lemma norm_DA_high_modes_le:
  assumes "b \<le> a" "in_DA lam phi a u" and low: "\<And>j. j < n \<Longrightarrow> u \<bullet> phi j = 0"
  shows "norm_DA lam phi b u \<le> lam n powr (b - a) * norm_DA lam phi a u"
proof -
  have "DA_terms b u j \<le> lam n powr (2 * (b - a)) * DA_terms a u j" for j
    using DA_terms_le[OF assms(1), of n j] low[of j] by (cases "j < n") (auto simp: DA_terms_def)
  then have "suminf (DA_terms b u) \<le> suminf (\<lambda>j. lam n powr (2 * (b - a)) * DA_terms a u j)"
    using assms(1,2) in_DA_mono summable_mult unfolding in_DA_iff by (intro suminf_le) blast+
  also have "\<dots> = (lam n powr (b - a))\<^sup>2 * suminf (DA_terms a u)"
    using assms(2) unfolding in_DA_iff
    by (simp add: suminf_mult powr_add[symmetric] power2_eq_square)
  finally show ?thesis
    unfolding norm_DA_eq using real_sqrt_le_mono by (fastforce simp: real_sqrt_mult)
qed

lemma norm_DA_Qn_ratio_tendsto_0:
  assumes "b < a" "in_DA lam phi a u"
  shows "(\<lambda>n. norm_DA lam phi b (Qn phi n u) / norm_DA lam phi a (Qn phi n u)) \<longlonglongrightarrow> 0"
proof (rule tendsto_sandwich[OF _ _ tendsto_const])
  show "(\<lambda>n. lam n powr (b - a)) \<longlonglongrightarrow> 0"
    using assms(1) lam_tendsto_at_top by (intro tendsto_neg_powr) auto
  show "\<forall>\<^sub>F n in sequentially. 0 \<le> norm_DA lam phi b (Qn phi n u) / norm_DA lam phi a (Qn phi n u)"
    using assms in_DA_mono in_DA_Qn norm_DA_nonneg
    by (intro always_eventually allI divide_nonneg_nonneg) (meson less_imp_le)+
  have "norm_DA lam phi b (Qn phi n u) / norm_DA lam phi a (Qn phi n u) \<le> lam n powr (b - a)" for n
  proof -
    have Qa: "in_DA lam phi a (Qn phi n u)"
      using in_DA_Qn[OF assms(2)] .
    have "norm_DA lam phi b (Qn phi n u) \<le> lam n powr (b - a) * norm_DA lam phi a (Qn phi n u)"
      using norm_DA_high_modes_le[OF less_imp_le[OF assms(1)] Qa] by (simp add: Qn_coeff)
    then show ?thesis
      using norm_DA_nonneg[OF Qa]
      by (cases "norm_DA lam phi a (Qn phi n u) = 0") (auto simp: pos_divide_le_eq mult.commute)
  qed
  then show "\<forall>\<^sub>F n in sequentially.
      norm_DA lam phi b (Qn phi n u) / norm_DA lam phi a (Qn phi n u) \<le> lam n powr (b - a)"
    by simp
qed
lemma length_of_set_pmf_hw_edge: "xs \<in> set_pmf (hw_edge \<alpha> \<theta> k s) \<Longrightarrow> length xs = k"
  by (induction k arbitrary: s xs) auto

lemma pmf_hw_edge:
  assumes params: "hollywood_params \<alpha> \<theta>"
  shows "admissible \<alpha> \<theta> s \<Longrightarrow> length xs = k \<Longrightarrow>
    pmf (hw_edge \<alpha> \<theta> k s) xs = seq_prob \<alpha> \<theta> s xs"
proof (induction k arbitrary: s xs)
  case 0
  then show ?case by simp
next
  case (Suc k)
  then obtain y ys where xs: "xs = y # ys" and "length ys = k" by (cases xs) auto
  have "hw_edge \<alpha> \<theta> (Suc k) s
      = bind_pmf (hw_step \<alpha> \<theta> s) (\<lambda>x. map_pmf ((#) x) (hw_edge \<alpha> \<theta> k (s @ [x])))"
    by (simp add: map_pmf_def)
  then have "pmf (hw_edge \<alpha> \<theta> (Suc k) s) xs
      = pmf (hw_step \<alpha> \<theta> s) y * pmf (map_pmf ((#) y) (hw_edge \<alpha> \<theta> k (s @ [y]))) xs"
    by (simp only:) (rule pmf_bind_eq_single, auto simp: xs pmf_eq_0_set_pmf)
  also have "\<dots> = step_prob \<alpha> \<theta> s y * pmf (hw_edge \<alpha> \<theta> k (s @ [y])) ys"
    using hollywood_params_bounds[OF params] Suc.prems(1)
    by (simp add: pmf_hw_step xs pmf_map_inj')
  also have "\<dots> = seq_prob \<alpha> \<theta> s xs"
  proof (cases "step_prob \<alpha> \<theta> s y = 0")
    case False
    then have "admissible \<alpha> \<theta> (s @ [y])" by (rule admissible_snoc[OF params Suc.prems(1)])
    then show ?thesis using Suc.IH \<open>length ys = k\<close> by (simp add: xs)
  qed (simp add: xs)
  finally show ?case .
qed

▶ [What this task involves]
Pick every line from the listing holding the string "then", and copy it.

▶ [Exercise answer]
  then have "suminf (DA_terms b u) \<le> suminf (\<lambda>j. lam n powr (2 * (b - a)) * DA_terms a u j)"
    then show ?thesis
  then show "\<forall>\<^sub>F n in sequentially.
  then show ?case by simp
  then obtain y ys where xs: "xs = y # ys" and "length ys = k" by (cases xs) auto
  then have "pmf (hw_edge \<alpha> \<theta> (Suc k) s) xs
    then have "admissible \<alpha> \<theta> (s @ [y])" by (rule admissible_snoc[OF params Suc.prems(1)])
    then show ?thesis using Suc.IH \<open>length ys = k\<close> by (simp add: xs)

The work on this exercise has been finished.